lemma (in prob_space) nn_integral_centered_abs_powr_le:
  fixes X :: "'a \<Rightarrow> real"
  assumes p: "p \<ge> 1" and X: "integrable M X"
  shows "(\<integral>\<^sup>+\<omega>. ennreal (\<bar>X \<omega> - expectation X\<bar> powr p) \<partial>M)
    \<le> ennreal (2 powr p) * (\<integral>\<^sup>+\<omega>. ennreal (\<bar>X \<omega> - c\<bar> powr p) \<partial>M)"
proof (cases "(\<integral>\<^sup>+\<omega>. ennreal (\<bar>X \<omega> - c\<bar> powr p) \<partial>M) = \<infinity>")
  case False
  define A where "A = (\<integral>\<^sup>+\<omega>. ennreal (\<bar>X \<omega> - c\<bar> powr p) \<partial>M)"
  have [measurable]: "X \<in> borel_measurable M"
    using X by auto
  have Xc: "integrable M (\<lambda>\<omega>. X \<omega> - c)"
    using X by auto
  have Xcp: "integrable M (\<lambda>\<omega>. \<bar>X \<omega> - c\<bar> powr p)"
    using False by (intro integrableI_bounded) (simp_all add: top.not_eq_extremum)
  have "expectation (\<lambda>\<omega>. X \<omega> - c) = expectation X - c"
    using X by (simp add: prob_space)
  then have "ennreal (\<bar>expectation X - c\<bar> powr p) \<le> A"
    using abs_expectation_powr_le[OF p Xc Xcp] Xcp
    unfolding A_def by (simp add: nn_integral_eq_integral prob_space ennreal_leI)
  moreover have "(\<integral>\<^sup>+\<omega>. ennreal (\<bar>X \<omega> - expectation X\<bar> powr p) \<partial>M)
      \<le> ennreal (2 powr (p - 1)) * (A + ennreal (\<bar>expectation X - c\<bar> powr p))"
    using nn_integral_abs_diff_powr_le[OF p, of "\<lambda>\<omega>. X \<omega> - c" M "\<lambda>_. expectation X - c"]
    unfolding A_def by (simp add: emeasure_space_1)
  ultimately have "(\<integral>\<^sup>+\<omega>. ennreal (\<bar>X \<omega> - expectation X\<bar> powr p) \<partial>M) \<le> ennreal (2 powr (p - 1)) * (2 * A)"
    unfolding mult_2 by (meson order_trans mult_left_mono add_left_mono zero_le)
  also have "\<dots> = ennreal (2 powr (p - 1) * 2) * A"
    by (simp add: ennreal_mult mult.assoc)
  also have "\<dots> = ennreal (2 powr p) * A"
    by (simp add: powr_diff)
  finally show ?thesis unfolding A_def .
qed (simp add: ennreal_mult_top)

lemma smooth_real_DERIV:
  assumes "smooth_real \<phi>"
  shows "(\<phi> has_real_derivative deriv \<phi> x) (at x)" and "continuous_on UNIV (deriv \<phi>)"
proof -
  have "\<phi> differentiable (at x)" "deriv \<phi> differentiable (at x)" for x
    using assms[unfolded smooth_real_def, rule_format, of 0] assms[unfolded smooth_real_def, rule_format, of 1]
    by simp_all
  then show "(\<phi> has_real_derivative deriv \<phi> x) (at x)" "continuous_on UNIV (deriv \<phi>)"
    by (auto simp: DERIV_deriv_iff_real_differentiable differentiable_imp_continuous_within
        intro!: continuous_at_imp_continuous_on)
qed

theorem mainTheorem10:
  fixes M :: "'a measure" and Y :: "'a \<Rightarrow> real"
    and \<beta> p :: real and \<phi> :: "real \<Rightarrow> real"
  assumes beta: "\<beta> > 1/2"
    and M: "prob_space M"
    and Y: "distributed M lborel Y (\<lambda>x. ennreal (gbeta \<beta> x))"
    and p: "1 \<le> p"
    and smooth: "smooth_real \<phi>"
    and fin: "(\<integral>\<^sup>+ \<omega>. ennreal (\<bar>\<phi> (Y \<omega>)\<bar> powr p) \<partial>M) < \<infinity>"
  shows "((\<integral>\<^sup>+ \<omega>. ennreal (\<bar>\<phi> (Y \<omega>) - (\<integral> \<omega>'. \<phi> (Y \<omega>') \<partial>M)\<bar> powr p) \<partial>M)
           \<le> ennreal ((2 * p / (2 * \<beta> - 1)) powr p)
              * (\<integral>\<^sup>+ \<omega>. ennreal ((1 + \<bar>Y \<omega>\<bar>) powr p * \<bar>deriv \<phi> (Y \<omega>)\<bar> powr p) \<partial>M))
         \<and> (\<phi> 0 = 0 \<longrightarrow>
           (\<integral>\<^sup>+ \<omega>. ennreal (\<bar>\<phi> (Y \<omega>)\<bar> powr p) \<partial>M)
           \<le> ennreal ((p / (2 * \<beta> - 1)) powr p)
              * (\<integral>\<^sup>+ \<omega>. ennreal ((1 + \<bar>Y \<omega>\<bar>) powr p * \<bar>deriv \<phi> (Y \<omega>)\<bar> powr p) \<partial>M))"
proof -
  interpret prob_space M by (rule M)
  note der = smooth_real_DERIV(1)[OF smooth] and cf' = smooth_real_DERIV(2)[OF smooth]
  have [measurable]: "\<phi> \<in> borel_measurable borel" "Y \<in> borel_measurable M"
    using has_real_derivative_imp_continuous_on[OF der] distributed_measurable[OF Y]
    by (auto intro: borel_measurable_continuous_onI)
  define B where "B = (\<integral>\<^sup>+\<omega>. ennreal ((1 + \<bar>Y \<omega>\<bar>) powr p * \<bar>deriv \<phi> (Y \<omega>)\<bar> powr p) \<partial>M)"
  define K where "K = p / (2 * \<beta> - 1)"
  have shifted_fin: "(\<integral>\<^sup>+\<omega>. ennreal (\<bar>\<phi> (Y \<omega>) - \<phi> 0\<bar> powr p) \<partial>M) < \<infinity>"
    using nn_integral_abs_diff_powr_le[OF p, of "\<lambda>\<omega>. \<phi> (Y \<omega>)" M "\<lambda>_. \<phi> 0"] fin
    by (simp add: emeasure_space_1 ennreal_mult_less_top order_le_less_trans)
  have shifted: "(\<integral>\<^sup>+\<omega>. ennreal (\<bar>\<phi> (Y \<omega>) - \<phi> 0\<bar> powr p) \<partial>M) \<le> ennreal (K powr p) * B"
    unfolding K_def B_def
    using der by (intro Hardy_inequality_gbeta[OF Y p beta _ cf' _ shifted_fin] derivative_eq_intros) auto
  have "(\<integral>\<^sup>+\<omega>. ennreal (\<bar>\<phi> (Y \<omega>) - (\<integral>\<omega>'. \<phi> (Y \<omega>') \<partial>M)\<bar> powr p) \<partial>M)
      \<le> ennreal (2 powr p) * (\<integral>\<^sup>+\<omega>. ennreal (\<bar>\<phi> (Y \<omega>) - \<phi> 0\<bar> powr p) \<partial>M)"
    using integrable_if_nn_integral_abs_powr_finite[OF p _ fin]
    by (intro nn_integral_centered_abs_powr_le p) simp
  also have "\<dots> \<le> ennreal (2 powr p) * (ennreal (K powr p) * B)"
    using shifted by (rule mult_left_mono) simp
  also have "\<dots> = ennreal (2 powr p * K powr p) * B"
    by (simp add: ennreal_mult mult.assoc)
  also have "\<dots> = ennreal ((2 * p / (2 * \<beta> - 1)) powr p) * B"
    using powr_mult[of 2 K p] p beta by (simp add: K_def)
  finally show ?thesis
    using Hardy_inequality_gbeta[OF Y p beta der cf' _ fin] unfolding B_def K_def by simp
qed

::::::

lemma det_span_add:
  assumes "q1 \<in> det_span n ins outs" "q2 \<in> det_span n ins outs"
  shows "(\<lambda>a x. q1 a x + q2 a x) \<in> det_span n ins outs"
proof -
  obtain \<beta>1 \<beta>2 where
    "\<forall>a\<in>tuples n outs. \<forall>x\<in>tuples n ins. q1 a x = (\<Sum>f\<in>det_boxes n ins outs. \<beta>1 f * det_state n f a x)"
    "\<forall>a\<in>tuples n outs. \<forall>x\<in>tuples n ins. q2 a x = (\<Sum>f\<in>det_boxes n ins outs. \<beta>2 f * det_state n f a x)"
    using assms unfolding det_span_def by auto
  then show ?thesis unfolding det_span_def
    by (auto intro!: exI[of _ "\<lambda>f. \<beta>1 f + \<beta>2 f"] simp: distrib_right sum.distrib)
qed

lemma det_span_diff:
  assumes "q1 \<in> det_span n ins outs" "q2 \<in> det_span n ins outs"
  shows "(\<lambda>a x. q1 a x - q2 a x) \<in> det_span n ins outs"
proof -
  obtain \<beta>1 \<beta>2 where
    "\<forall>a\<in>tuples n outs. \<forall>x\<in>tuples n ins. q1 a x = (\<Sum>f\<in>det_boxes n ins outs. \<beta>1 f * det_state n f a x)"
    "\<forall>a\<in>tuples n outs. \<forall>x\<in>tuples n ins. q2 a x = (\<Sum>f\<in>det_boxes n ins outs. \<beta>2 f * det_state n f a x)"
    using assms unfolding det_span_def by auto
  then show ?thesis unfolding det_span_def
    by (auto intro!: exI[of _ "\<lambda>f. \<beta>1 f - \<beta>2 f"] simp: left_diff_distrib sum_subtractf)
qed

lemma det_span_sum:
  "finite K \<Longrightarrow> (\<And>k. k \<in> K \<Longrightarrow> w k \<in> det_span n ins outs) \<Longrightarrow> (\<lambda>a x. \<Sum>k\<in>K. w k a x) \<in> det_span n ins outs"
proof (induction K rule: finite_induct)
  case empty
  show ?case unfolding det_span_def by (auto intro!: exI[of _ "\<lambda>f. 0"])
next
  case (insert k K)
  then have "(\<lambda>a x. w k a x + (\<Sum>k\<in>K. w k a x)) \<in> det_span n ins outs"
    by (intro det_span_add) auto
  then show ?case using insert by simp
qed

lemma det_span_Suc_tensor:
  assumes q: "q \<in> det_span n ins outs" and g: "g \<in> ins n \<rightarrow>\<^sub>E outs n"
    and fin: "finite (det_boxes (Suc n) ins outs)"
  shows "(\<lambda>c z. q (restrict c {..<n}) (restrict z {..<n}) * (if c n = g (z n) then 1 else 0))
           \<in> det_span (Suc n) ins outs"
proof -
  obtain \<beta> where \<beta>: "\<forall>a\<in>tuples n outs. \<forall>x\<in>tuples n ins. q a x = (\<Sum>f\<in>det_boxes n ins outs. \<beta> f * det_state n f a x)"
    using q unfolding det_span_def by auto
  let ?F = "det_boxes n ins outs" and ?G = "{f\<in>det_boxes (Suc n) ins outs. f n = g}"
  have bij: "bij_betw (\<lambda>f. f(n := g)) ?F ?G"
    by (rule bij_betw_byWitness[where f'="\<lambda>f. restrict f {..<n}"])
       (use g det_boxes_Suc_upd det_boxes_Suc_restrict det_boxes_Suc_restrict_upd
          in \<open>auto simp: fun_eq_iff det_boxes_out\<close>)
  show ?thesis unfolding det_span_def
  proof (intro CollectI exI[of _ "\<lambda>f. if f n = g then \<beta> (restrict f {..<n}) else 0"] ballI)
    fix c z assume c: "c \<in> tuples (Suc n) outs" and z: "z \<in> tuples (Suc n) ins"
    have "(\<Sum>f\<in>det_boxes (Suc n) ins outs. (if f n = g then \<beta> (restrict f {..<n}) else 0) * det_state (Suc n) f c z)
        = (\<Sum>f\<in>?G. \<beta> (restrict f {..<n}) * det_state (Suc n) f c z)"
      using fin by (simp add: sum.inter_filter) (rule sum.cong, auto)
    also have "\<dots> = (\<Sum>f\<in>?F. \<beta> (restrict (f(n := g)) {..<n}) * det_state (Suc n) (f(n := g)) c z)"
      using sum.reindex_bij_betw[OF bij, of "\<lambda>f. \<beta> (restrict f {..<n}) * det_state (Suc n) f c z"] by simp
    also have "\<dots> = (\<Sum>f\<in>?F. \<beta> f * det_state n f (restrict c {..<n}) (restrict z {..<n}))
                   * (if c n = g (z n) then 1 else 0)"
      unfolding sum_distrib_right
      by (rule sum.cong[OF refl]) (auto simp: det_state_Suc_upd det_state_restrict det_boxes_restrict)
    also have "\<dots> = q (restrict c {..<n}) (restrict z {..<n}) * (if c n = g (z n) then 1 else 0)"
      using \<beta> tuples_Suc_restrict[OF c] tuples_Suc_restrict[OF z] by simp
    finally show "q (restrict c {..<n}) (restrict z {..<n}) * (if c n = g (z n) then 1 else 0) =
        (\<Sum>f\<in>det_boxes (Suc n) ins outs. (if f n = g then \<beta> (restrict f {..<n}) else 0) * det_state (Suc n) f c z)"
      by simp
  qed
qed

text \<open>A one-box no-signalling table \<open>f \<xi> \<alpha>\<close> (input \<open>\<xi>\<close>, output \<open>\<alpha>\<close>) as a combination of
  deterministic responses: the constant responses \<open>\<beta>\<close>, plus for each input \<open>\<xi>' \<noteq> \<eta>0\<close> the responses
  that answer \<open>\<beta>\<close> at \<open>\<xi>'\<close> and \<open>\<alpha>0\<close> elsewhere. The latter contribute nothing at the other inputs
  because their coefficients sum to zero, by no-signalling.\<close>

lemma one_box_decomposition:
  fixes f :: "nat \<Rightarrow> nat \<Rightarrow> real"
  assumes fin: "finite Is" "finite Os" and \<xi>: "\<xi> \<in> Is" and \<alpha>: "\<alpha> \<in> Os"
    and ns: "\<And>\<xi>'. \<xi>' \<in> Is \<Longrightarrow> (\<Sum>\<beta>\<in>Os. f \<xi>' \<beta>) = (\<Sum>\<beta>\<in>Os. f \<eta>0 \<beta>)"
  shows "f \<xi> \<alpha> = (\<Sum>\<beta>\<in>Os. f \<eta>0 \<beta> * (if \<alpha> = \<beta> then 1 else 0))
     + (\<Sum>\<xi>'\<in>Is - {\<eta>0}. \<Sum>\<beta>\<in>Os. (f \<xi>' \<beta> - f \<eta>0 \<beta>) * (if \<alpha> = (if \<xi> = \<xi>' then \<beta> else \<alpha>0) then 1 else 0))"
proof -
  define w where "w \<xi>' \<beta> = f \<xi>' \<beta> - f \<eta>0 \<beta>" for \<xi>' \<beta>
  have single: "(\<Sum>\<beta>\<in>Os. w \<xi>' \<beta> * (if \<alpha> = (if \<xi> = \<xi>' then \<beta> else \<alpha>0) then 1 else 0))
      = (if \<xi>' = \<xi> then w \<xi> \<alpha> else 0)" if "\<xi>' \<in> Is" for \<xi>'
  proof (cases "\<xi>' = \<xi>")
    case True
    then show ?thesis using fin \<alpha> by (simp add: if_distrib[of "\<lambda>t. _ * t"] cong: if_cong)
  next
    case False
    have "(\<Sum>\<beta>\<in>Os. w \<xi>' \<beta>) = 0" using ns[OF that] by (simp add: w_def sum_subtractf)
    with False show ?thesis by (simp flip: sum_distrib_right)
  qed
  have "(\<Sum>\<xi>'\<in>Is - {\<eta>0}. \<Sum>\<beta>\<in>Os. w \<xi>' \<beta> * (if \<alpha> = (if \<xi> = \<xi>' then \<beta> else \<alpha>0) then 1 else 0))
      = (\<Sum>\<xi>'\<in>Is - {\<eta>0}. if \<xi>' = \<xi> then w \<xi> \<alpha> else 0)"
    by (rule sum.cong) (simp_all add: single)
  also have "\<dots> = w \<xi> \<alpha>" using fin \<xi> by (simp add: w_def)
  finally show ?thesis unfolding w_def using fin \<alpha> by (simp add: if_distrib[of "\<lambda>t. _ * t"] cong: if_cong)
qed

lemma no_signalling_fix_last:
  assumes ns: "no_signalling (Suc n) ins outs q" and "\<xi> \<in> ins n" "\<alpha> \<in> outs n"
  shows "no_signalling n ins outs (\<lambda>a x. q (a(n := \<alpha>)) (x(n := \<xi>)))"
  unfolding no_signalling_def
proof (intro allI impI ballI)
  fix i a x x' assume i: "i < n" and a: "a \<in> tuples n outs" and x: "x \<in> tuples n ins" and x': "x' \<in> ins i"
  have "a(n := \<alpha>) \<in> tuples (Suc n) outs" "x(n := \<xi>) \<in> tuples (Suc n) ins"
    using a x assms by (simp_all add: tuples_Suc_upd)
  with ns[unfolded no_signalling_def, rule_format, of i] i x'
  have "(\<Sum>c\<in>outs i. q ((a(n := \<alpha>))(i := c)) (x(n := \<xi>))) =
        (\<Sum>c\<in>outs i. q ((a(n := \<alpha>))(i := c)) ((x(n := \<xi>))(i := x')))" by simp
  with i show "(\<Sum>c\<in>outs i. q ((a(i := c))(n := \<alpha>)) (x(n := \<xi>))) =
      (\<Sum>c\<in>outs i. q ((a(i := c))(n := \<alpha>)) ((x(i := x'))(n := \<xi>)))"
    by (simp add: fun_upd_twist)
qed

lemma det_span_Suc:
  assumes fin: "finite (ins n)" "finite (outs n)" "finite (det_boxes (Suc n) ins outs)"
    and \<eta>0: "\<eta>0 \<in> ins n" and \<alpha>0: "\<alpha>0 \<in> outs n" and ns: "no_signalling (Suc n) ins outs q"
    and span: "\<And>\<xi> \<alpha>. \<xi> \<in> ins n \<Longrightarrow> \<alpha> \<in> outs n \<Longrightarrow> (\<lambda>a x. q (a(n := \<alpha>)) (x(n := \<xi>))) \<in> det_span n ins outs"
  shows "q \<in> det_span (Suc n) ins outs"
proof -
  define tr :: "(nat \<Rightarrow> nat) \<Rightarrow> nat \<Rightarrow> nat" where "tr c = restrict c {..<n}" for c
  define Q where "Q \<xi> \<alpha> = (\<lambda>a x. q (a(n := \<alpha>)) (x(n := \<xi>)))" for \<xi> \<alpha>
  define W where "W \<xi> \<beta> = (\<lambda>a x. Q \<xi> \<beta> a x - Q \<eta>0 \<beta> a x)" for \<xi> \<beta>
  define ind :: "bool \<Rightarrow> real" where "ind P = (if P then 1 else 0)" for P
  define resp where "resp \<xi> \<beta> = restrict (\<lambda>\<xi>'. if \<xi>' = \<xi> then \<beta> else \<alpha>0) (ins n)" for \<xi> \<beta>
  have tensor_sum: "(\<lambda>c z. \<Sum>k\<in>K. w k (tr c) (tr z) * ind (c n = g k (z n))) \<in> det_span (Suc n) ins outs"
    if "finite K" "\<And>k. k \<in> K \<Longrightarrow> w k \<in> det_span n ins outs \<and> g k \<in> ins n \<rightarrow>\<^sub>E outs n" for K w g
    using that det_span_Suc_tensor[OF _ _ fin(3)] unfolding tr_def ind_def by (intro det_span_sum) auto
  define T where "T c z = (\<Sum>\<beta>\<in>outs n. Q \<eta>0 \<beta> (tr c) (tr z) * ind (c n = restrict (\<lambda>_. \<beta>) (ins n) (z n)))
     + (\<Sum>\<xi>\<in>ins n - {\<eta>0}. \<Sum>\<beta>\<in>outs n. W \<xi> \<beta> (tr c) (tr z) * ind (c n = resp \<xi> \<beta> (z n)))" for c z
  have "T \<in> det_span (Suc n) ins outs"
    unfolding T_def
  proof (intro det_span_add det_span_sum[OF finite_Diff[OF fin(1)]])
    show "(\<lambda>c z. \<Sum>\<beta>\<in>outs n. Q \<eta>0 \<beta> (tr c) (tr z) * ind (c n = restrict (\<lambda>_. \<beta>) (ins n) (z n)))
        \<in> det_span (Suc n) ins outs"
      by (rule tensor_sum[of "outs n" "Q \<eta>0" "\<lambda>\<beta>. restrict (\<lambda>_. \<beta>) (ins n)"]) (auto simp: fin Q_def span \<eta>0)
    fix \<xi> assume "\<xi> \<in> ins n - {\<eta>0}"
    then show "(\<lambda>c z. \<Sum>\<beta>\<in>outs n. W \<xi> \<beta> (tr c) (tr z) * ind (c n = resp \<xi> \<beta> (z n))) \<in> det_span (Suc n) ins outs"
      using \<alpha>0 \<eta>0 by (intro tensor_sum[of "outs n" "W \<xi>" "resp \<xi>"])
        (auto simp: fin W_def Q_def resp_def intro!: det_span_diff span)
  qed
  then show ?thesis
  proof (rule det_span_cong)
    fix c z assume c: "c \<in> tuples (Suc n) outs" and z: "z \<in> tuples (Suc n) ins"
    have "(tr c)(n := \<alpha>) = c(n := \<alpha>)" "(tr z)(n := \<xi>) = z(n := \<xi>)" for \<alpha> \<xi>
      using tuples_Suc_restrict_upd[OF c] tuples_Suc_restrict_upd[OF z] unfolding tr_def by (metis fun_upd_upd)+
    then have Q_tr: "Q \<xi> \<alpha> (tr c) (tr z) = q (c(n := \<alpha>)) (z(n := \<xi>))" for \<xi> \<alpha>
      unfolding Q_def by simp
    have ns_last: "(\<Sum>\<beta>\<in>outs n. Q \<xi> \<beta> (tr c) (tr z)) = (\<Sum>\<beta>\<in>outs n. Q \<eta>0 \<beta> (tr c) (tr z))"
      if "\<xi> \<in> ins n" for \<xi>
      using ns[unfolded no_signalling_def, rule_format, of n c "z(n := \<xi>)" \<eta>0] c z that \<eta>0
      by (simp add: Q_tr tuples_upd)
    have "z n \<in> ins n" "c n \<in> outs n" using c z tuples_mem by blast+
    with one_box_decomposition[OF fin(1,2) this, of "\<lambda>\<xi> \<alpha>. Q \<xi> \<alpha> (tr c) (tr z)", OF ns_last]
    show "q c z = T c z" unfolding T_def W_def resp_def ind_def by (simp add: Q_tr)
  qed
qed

::::::

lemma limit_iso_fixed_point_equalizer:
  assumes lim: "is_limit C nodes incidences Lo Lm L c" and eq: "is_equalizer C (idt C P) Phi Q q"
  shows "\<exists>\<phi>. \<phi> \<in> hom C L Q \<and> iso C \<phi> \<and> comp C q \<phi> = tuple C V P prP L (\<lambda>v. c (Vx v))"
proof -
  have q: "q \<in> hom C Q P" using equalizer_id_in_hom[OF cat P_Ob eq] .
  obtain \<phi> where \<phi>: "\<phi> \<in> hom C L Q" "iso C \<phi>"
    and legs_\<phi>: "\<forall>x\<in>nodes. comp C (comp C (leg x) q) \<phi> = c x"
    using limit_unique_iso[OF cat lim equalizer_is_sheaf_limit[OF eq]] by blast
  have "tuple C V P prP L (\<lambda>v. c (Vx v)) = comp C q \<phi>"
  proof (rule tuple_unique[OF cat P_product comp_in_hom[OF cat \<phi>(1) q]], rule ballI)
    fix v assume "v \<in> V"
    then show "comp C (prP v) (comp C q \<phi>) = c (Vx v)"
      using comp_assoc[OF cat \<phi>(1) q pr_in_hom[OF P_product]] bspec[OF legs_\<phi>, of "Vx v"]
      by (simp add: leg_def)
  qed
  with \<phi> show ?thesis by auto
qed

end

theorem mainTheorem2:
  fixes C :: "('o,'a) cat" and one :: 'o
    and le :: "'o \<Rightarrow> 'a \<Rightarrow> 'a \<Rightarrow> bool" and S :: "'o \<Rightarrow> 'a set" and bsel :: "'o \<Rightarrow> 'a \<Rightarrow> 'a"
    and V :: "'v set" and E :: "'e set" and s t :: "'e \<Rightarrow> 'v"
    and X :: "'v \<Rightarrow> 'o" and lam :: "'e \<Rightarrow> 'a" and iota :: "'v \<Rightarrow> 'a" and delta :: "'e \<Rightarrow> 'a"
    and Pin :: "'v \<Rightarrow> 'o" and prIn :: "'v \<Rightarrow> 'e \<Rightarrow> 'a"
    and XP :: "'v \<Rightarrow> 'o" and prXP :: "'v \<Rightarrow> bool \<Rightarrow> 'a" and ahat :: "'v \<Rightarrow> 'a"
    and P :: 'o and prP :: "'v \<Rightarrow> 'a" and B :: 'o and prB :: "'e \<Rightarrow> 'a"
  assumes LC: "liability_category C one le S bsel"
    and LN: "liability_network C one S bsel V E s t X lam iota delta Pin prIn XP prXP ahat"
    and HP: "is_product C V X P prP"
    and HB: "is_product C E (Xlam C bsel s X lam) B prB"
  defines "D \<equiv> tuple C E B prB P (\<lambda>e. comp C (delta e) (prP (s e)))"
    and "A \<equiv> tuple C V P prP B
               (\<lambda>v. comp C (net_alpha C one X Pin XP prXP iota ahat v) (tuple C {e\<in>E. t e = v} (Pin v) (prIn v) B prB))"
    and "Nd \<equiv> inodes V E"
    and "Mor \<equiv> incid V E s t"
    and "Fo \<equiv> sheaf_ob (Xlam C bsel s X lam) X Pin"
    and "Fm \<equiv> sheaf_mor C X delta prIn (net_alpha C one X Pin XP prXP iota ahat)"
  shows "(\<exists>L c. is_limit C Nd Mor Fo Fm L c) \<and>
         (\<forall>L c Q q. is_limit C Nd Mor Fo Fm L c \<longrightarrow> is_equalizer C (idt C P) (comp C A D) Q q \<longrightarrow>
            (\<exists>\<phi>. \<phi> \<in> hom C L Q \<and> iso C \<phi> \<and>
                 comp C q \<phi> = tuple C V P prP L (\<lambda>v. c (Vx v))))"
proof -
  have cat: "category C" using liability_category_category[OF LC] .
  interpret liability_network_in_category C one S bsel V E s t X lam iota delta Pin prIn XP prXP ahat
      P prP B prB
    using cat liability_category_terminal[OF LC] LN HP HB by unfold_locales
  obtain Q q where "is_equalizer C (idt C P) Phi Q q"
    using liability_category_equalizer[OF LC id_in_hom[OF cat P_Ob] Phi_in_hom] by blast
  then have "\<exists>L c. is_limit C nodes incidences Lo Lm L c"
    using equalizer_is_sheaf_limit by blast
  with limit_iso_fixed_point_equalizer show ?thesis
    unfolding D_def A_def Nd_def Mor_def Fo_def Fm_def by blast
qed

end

::::::

AIM OF THE EXERCISE:
Search the entries above for the string "unfolded". Copy each line that holds it.

OUTPUT FOR THIS TASK:
    using assms[unfolded smooth_real_def, rule_format, of 0] assms[unfolded smooth_real_def, rule_format, of 1]
  with ns[unfolded no_signalling_def, rule_format, of i] i x'
      using ns[unfolded no_signalling_def, rule_format, of n c "z(n := \<xi>)" \<eta>0] c z that \<eta>0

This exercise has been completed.